On the images I have here, it looks like it may serve the same function as R164 on the other side of the board (across the positive and negative speaker terminals). If they are the same, maybe you can read the other one. If it is connected directly across the +/- speaker wires, it should be much higher than 3 ohms.

Did you check the other bias pot? Many times people think that those pots make the amplifier produce more power so they turn them up.

If it's not the biasing, it's likely a defective driver. If you have a lighted magnifying glass, inspect all of the components near the channel that failed. For resistors, look for darkened areas. For the small transistors, look for cracks or bulges in the case of the transistor. This isn't exactly a high-tech way of troubleshooting but sometimes it works.

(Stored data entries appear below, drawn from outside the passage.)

lemma minv_eqI:
  assumes S: "finite S" and AB: "right_inverse_on S A B" and BA: "right_inverse_on S B A"
  shows "minv S A = (\<lambda>a c. if a \<in> S \<and> c \<in> S then B a c else 0)"
  unfolding minv_def
proof (rule the1_equality)
  let ?B = "\<lambda>a c. if a \<in> S \<and> c \<in> S then B a c else 0"
  have inverse_iff: "(\<forall>a\<in>S. \<forall>c\<in>S. (\<Sum>k\<in>S. A a k * X k c) = (if a = c then 1 else 0))
      \<longleftrightarrow> right_inverse_on S A X" for X
    by (simp add: right_inverse_on_def mat_mult_on_def of_bool_def)
  have B: "right_inverse_on S A ?B \<and> (\<forall>a c. a \<notin> S \<or> c \<notin> S \<longrightarrow> ?B a c = 0)"
    using AB by (simp add: right_inverse_on_def mat_mult_on_def cong: sum.cong)
  have unique: "X = ?B" if "right_inverse_on S A X \<and> (\<forall>a c. a \<notin> S \<or> c \<notin> S \<longrightarrow> X a c = 0)"
    for X using that right_inverse_on_unique[OF S BA] by (fastforce intro!: ext)
  show "(\<forall>a\<in>S. \<forall>c\<in>S. (\<Sum>k\<in>S. A a k * ?B k c) = (if a = c then 1 else 0))
      \<and> (\<forall>a c. a \<notin> S \<or> c \<notin> S \<longrightarrow> ?B a c = 0)"
    unfolding inverse_iff by (rule B)
  show "\<exists>!X. (\<forall>a\<in>S. \<forall>c\<in>S. (\<Sum>k\<in>S. A a k * X k c) = (if a = c then 1 else 0))
      \<and> (\<forall>a c. a \<notin> S \<or> c \<notin> S \<longrightarrow> X a c = 0)"
    unfolding inverse_iff using B unique by blast
qed
(* If $\mathbb{C}$ is an isostable squares category, then $S^{\square}_\bullet\mathbb{C}$ is a simplicial groupoid, i.e. every category $S^{\square}_n\mathbb{C}$ is a groupoid.
   Context: A squares category is a flat double category (squares uniquely determined by their boundary; we say a boundary "is a square") with a distinguished object $O$ initial in the horizontal category $\mathcal{H}_{\mathbb{C}}$ (morphisms $\rightarrowtail$) and terminal in the vertical category $\mathcal{V}_{\mathbb{C}}$ (morphisms $\twoheadrightarrow$). A vertical $f:A\twoheadrightarrow B$ is a vertical weak equivalence if the boundary (top $O\rightarrowtail A$, left $\mathrm{id}_O$, right $f$, bottom $O\rightarrowtail B$) is a square; a horizontal $g:A\rightarrowtail B$ is a horizontal weak equivalence if the boundary (top $g$, left $A\twoheadrightarrow O$, right $B\twoheadrightarrow O$, bottom $\mathrm{id}_O$) is a square. Vertical natural transformations between double functors of flat double categories: vertical components $\tau_A$ with $(Ff,\tau_A,\tau_{A'},Gf)$ a square for each horizontal $f$ and commuting naturality squares in the vertical category; $\mathrm{Fun}^v$ is the functor category. With $\boxdot$ the flat double category generated by one square (corners $a,b,c,d$, horizontal $a\rightarrowtail b,c\rightarrowtail d$, vertical $a\twoheadrightarrow c,b\twoheadrightarrow d$), $i:\mathrm{span}\hookrightarrow\boxdot$ on $a\rightarrowtail b,a\twoheadrightarrow c$ and $j:\mathrm{cospan}\hookrightarrow\boxdot$ on $b\twoheadrightarrow d,c\rightarrowtail d$: a squares category is stable if (i) $i^*$ on $\mathrm{Fun}^v(-,\mathbb{C})$ has a section functor $s$, (ii) there is a natural transformation $w:si^*\Rightarrow\mathrm{id}$ with components the identity at $a,b,c$, (iii) $j^*$ has a section functor $t$, (iv) there is a natural transformation $u:tj^*\Rightarrow\mathrm{id}$ with components the identity at $b,c,d$ and a vertical weak equivalence at $a$. It is isostable if it is stable, its weak equivalences are invertible, and for every boundary with top $f:A\rightarrowtail B$, bottom $k:C\rightarrowtail D$ and vertical isomorphisms $g:A\twoheadrightarrow C$, $h:B\twoheadrightarrow D$, this boundary is a square iff the boundary with top $k$, left $g^{-1}$, right $h^{-1}$, bottom $f$ is a square. $S^{\square}_n\mathbb{C}$: objects are families $(A_{jk})_{0\le j\le k\le n}$ with $A_{jj}=O$, horizontal $A_{jk}\rightarrowtail A_{j,k+1}$, vertical $A_{jk}\twoheadrightarrow A_{j+1,k}$, each unit cell ($j<k<n$) a square; morphisms are families of vertical morphisms $A_{jk}\twoheadrightarrow A'_{jk}$ such that every cell formed with a horizontal generator is a square and every cell formed with a vertical generator commutes in $\mathcal{V}_{\mathbb{C}}$. Simplicial structure by reindexing $(A_{jk})\mapsto(A_{\theta(j)\theta(k)})$. *)

theory Defs
  imports Main
begin

text \<open>A flat double category: objects, a horizontal category (morphisms 'h),
a vertical category (morphisms 'v), and a predicate Sq t l r b saying that the
boundary with top t, left l, right r, bottom b is a square.  Composition is
written in diagrammatic-reverse order: hcomp g f = g o f.\<close>

record ('o, 'h, 'v) dcat =
  Ob :: "'o set"
  Hor :: "'h set"
  hdom :: "'h \<Rightarrow> 'o"
  hcod :: "'h \<Rightarrow> 'o"
  hcomp :: "'h \<Rightarrow> 'h \<Rightarrow> 'h"
  hid :: "'o \<Rightarrow> 'h"
  Ver :: "'v set"
  vdom :: "'v \<Rightarrow> 'o"
  vcod :: "'v \<Rightarrow> 'o"
  vcomp :: "'v \<Rightarrow> 'v \<Rightarrow> 'v"
  vid :: "'o \<Rightarrow> 'v"
  Sq :: "'h \<Rightarrow> 'v \<Rightarrow> 'v \<Rightarrow> 'h \<Rightarrow> bool"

If you didn't find any shorted drivers, you're going to have to look for open transistors. Most of the transistors have a pin configuration of Emitter-Base-Collector (A06, A56, W92, A42). Look up the datasheets for any others. For the NPN transistors (A06, A42), place the red lead on the center pin. You should read no more than 0.7v on diode check when you touch the black lead to the other pins of the transistor. For the PNP transistors (W92, A56), the black lead goes on the center pin. Again, you should read no more than 0.7v on diode check when you touch the other meter lead to the other pins of that transistor.